Ступени профессии - страница 29

стр.

Как уже говорилось выше, музицирование Самосуда было лишено внешних эффектов и неожиданностей. Изменения традиционного темпа или нюанса не вызывали удивления или протеста, они были логичны, убедительны и всегда с чувством меры. Удивительное это свойство, оно способно сделать художника универсальным!

Самосуд и был таким музыкантом. Он был интерпретатором Кшенека[21], Прокофьева, Шостаковича. Способствовал грандиозной в свое время популярности «Тихого Дона» Дзержинского[22].

Он, создавший на советской сцене новую исполнительскую традицию «Ивана Сусанина», был образцом дирижирования оперетт. Поразительное ощущение стиля дополнялось его владением магическим «чуть-чуть», когда все очень просто, и нет нажима, нет развязности, но есть благородство, изысканность, артистизм… Черт знает, как трудно говорить о музыке!..

Позволю себе оживить сказанное примерами. «Пиковой дамой» Самосуд дирижировал превосходно, никто так не мог, даже «король дирижеров» Большого театра Вячеслав Иванович Сук. Эта опера требует собранности и сдержанности. Она провоцирует дирижера на эффекты и, вместе с тем, не выносит их.

Начало IV картины — место, где дирижер должен «схватить за душу». И вдруг у Самосуда размеренное, монотонное, даже формальное, без всякого расчета на чувствительность, ostinato. Какая-то страшная статика. Снято esspressivo и vibrato. Жутко! Кто мог подумать, что это так просто?

У Самосуда в «Иоланте» везде сохранялись сама чистота и ясность. И ни чуточки тривиальности, ни грана сентиментальности, безвкусной банальности, опасных в этой партитуре, если дирижер не обладает строгим вкусом.

Вступление к опере «Руслан и Людмила» казалось вихрем, темп был чуть-чуть подвинут. (Ох, это «чуть-чуть»!) А в каноне было piano, от которого театр замирал.

Я все это видел и слышал, пишу объективную правду о художнике, которой пока никто не написал.

Можно было бы отметить, что были у Самосуда и такие спектакли в последнее время, в которых было много «не вместе», что, увлекшись новой постановкой, он терял интерес к прежней, что он не столько думал о вечернем спектакле, сколько о новом открытии, которому отдавал себя целиком, без остатка, что не всегда следил за элементарным сохранением художественного порядка в театре.

Но все эти мелочи были ничтожны в сравнении с тем, что он вложил в искусство. Я знал Самосуда в последние годы его работы в Большом театре. Пишу только о том, что видел и слышал сам, что удалось ухватить из огромного опыта, которым он обладал и который старался передать мне. Я был влюблен в Самосуда — человека, художника, открывателя!

Мне кажется порой (пусть это не будет выглядеть хвастовством!), что крупицы его творческих принципов и интересов живут во мне.

Если бы так!

НАУКА ПАЗОВСКОГО

Самуила Абрамовича Самосуда сменил Арий Моисеевич Пазовский.

В пустой аванложе бельэтажа, где мы, молодые, привыкли балагурить по вечерам, появился величественный мужчина в сопровождении Серафимы Яковлевны Ковалевой — все знающим, все понимающим, всем распоряжающимся секретарем дирекции.

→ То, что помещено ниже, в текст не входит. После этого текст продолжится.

lemma le_one_plus_abs_powr:
  fixes t p :: real
  assumes "p \<ge> 2"
  shows "\<bar>t\<bar> \<le> 1 + \<bar>t\<bar> powr p" and "t\<^sup>2 \<le> 1 + \<bar>t\<bar> powr p"
proof -
  have "\<bar>t\<bar> powr e \<le> 1 + \<bar>t\<bar> powr p" if "0 < e" "e \<le> p" for e :: real
  proof (cases "\<bar>t\<bar> \<le> 1")
    case True
    then have "\<bar>t\<bar> powr e \<le> 1" using that by (simp add: powr_le1)
    then show ?thesis by (smt (verit) powr_ge_zero)
  next
    case False
    then have "\<bar>t\<bar> powr e \<le> \<bar>t\<bar> powr p" using that by (intro powr_mono) auto
    then show ?thesis by simp
  qed
  from this[of 1] this[of 2] assms show "\<bar>t\<bar> \<le> 1 + \<bar>t\<bar> powr p" "t\<^sup>2 \<le> 1 + \<bar>t\<bar> powr p"
    by (simp_all add: powr_power)
qed

text \<open>Split at \<open>q = sqrt x\<close>: below, one factor \<open>q\<close> is traded for \<open>sqrt x\<close>; above,
  \<open>q^2 \<le> q^p x^(1 - p/2)\<close>.\<close>

lemma cube_le_moment_weight:
  fixes x q p \<nu> \<epsilon> :: real
  assumes x: "x \<ge> 1" and q: "0 \<le> q" "q \<le> x/2" and p: "p > 2"
    and eps: "\<epsilon> \<le> 1/2" "\<epsilon> \<le> (p - 2)/2"
  shows "x powr (\<nu> - 3) * q ^ 3 \<le> x powr (\<nu> - 2 - \<epsilon>) * (1 + q powr p)"
proof (cases "q \<le> sqrt x")
  case True
  have "q ^ 3 \<le> sqrt x * q\<^sup>2"
    using mult_right_mono[OF True, of "q\<^sup>2"] by (simp add: power3_eq_cube power2_eq_square)
  then have "x powr (\<nu> - 3) * q ^ 3 \<le> x powr (\<nu> - 3) * sqrt x * q\<^sup>2"
    by (simp add: mult.assoc mult_left_mono)
  also have "\<dots> = x powr (\<nu> - 5/2) * q\<^sup>2"
    using x by (simp add: powr_half_sqrt[symmetric] powr_add[symmetric])
  also have "\<dots> \<le> x powr (\<nu> - 2 - \<epsilon>) * (1 + q powr p)"
    using le_one_plus_abs_powr(2)[of p q] q x p eps by (intro mult_mono powr_mono) auto
  finally show ?thesis .
next
  case False
  then have "q > 0" using real_sqrt_ge_zero[of x] x by linarith
  have "q\<^sup>2 = q powr p * q powr (2 - p)" using \<open>q > 0\<close> by (simp add: powr_add[symmetric])
  also have "\<dots> \<le> q powr p * (sqrt x) powr (2 - p)"
    using False p x by (intro mult_left_mono powr_mono2') auto
  finally have "q\<^sup>2 \<le> q powr p * x powr (1 - p/2)"
    using x by (simp add: powr_half_sqrt[symmetric] powr_powr diff_divide_distrib)
  then have "q * q\<^sup>2 \<le> x * (q powr p * x powr (1 - p/2))"
    using q by (intro mult_mono) auto
  then have "x powr (\<nu> - 3) * q ^ 3 \<le> x powr (\<nu> - 3) * x * (q powr p * x powr (1 - p/2))"
    by (simp add: power3_eq_cube power2_eq_square mult.assoc mult_left_mono)
  also have "\<dots> = x powr (\<nu> - 1 - p/2) * q powr p"
  proof -
    have "x powr (\<nu> - 1 - p/2) = x powr (\<nu> - 3) * x powr 1 * x powr (1 - p/2)"
      by (simp only: powr_add[symmetric]) (simp add: algebra_simps)
    then show ?thesis using x by (simp add: ac_simps)
  qed
  also have "\<dots> \<le> x powr (\<nu> - 2 - \<epsilon>) * (1 + q powr p)"
    using x eps by (intro mult_mono powr_mono) auto
  finally show ?thesis .
qed

lemma max_powr_taylor2_bound:
  fixes X0 p \<nu> \<epsilon> :: real
  assumes X0: "X0 \<ge> 1" and p: "p > 2" and nu: "\<nu> \<le> p"
    and eps: "\<epsilon> \<le> 1/2" "\<epsilon> \<le> (p - 2)/2" "\<epsilon> \<le> \<nu> + p - 2"
  obtains M where "M \<ge> 0" and "\<And>x y. x \<ge> 2 * X0 \<Longrightarrow>
     \<bar>(max y X0) powr \<nu> - x powr \<nu> - \<nu> * x powr (\<nu> - 1) * (y - x)
        - \<nu> * (\<nu> - 1) / 2 * x powr (\<nu> - 2) * (y - x)\<^sup>2\<bar>
       \<le> M * x powr (\<nu> - 2 - \<epsilon>) * (1 + \<bar>y - x\<bar> powr p)"
proof -
  obtain C where C0: "C \<ge> 0" and C: "\<And>x y. x > 0 \<Longrightarrow> \<bar>y - x\<bar> \<le> x/2 \<Longrightarrow>
     \<bar>y powr \<nu> - (\<Sum>m<3. (\<Prod>k<m. \<nu> - real k) / fact m * x powr (\<nu> - real m) * (y - x) ^ m)\<bar>
       \<le> C * x powr (\<nu> - real 3) * \<bar>y - x\<bar> ^ 3"
    using powr_taylor_bound by blast
  define M where "M = C + 8 powr p + 2 powr p * (1 + \<bar>\<nu>\<bar> + \<bar>\<nu> * (\<nu> - 1)\<bar>)"
  have "\<bar>(max y X0) powr \<nu> - x powr \<nu> - \<nu> * x powr (\<nu> - 1) * (y - x)
        - \<nu> * (\<nu> - 1) / 2 * x powr (\<nu> - 2) * (y - x)\<^sup>2\<bar>
       \<le> M * x powr (\<nu> - 2 - \<epsilon>) * (1 + \<bar>y - x\<bar> powr p)" (is "\<bar>?R\<bar> \<le> _")
    if x: "x \<ge> 2 * X0" for x y
  proof -
    define q where "q = \<bar>y - x\<bar>"
    define W where "W = x powr (\<nu> - 2 - \<epsilon>) * (1 + q powr p)"
    have "x \<ge> 1" using x X0 by linarith
    have "W \<ge> 0" by (simp add: W_def)
    show ?thesis
    proof (cases "q \<le> x/2")
      case True
      then have "max y X0 = y" using x abs_ge_minus_self[of "y - x"] by (simp add: q_def max_def)
      then have "\<bar>?R\<bar> \<le> C * (x powr (\<nu> - 3) * q ^ 3)"
        using C[of x y] True \<open>x \<ge> 1\<close> by (simp add: q_def eval_nat_numeral algebra_simps)
      also have "\<dots> \<le> C * W"
        unfolding W_def using cube_le_moment_weight[of x q p \<epsilon> \<nu>] True \<open>x \<ge> 1\<close> p eps C0
        by (intro mult_left_mono) (auto simp: q_def)
      also have "\<dots> \<le> M * W"
        using \<open>W \<ge> 0\<close> by (intro mult_right_mono) (auto simp: M_def)
      finally show ?thesis by (simp add: W_def q_def)
    next
      case False
      define Z where "Z = q powr p * x powr (\<nu> - 2 - \<epsilon>)"
      have tail_term: "x powr (\<nu> - k) * q powr k \<le> 2 powr p * Z" if "0 \<le> k" "k \<le> 2" for k
        using powr_tail_term_le[of x q k p \<nu> "\<nu> - 2 - \<epsilon>"] \<open>x \<ge> 1\<close> False that p eps
        by (simp add: Z_def mult.assoc)
      have "(max y X0) powr \<nu> \<le> 8 powr p * Z"
        using max_powr_le_tail[OF X0 x, of y \<nu> p "\<nu> - 2 - \<epsilon>"] False p nu eps
        by (simp add: Z_def q_def mult.assoc)
      moreover have "\<bar>\<nu> * x powr (\<nu> - 1) * (y - x)\<bar> \<le> \<bar>\<nu>\<bar> * (2 powr p * Z)"
        using tail_term[of 1] by (simp add: abs_mult q_def mult.assoc mult_left_mono)
      moreover have "\<bar>\<nu> * (\<nu> - 1) / 2 * x powr (\<nu> - 2) * (y - x)\<^sup>2\<bar> \<le> \<bar>\<nu> * (\<nu> - 1)\<bar> * (2 powr p * Z)"
      proof -
        have sq: "x powr (\<nu> - 2) * (y - x)\<^sup>2 \<le> 2 powr p * Z"
          using tail_term[of 2] False \<open>x \<ge> 1\<close> by (simp add: q_def powr_power)
        have "\<bar>\<nu> * (\<nu> - 1)\<bar> / 2 * (x powr (\<nu> - 2) * (y - x)\<^sup>2) \<le> \<bar>\<nu> * (\<nu> - 1)\<bar> * (2 powr p * Z)"
          by (rule mult_mono[OF _ sq]) auto
        then show ?thesis by (simp add: abs_mult)
      qed
      moreover have "x powr \<nu> \<le> 2 powr p * Z" using tail_term[of 0] False \<open>x \<ge> 1\<close> by simp
      ultimately have "\<bar>?R\<bar> \<le> 8 powr p * Z + 2 powr p * Z + \<bar>\<nu>\<bar> * (2 powr p * Z)
          + \<bar>\<nu> * (\<nu> - 1)\<bar> * (2 powr p * Z)"
        using powr_ge_zero[of "max y X0" \<nu>] powr_ge_zero[of x \<nu>] by linarith
      also have "\<dots> = (8 powr p + 2 powr p * (1 + \<bar>\<nu>\<bar> + \<bar>\<nu> * (\<nu> - 1)\<bar>)) * Z"
        by (simp add: distrib_left distrib_right)
      also have "\<dots> \<le> M * W"
        using C0 by (intro mult_mono) (auto simp: M_def Z_def W_def algebra_simps)
      finally show ?thesis by (simp add: W_def q_def)
    qed
  qed
  moreover have "M \<ge> 0" using C0 by (simp add: M_def)
  ultimately show thesis using that by blast
qed

lemma max_powr_taylor0_bound:
  fixes X0 p e \<epsilon> :: real
  assumes X0: "X0 \<ge> 1" and p: "p > 2" and e: "e \<le> p"
    and eps: "\<epsilon> \<le> 1" "\<epsilon> \<le> p" "\<epsilon> \<le> e + p"
  obtains M where "M \<ge> 0" and "\<And>x y. x \<ge> 2 * X0 \<Longrightarrow>
     \<bar>(max y X0) powr e - x powr e\<bar> \<le> M * x powr (e - \<epsilon>) * (1 + \<bar>y - x\<bar> powr p)"
proof -
  obtain C where C0: "C \<ge> 0" and C: "\<And>x y. x > 0 \<Longrightarrow> \<bar>y - x\<bar> \<le> x/2 \<Longrightarrow>
     \<bar>y powr e - (\<Sum>m<1. (\<Prod>k<m. e - real k) / fact m * x powr (e - real m) * (y - x) ^ m)\<bar>
       \<le> C * x powr (e - real 1) * \<bar>y - x\<bar> ^ 1"
    using powr_taylor_bound by blast
  define M where "M = C + 8 powr p + 2 powr p"
  have "\<bar>(max y X0) powr e - x powr e\<bar> \<le> M * x powr (e - \<epsilon>) * (1 + \<bar>y - x\<bar> powr p)"
    if x: "x \<ge> 2 * X0" for x y
  proof -
    define q where "q = \<bar>y - x\<bar>"
    define W where "W = x powr (e - \<epsilon>) * (1 + q powr p)"
    have "x \<ge> 1" using x X0 by linarith
    have "W \<ge> 0" by (simp add: W_def)
    show ?thesis
    proof (cases "q \<le> x/2")
      case True
      then have "max y X0 = y" using x abs_ge_minus_self[of "y - x"] by (simp add: q_def max_def)
      then have "\<bar>(max y X0) powr e - x powr e\<bar> \<le> C * (x powr (e - 1) * q)"
        using C[of x y] True \<open>x \<ge> 1\<close> by (simp add: q_def)
      also have "\<dots> \<le> C * W"
        unfolding W_def using le_one_plus_abs_powr(1)[of p q] \<open>x \<ge> 1\<close> p eps C0
        by (intro mult_left_mono mult_mono powr_mono) (auto simp: q_def)
      also have "\<dots> \<le> M * W"
        using \<open>W \<ge> 0\<close> by (intro mult_right_mono) (auto simp: M_def)
      finally show ?thesis by (simp add: W_def q_def)
    next
      case False
      define Z where "Z = q powr p * x powr (e - \<epsilon>)"
      have "(max y X0) powr e \<le> 8 powr p * Z"
        using max_powr_le_tail[OF X0 x, of y e p "e - \<epsilon>"] False p e eps
        by (simp add: Z_def q_def mult.assoc)
      moreover have "x powr e \<le> 2 powr p * Z"
        using powr_tail_term_le[of x q 0 p e "e - \<epsilon>"] \<open>x \<ge> 1\<close> False p eps
        by (simp add: Z_def mult.assoc)
      ultimately have "\<bar>(max y X0) powr e - x powr e\<bar> \<le> (8 powr p + 2 powr p) * Z"
        unfolding distrib_right using powr_ge_zero[of "max y X0" e] powr_ge_zero[of x e]
        by linarith
      also have "\<dots> \<le> M * W"
        using C0 by (intro mult_mono) (auto simp: M_def Z_def W_def algebra_simps)
      finally show ?thesis by (simp add: W_def q_def)
    qed
  qed
  moreover have "M \<ge> 0" using C0 by (simp add: M_def)
  ultimately show thesis using that by blast
qed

По ее укоризненному взгляду в наш адрес («С баловством покончено, начинается другая жизнь, пора понять!») мы смекнули, что помещение надо освободить. Строгий мужчина взглянул на нас, как на сор, который предстоит вымести из театра и установить новый порядок: «Здесь будет стол, а здесь рояль». «А здесь мы поставим диван», — залепетала Серафима Яковлевна. Мы доверяли ей, любили ее и поэтому почувствовали, что действительно наступила новая эра в жизни театра, или, как мы сформулировали, «лафа с общительным Самосудом кончена». Будет наведен порядок.

Невозможно было себе представить Самосуда с его ботиками, шубой на плечах и шапкой набекрень, с его любовью ко всякого рода розыгрышам, наконец, с его обаянием, сидящим в кабинете. Он руководил театром, проходя по коридорам, заходя в канцелярию, сидя в зрительном зале или на сцене, держа за пуговицу артиста на улице. Пазовскому же был нужен кабинет для планомерной художественной деятельности (с самого начала он объявил, что вопросами административными он заниматься не будет).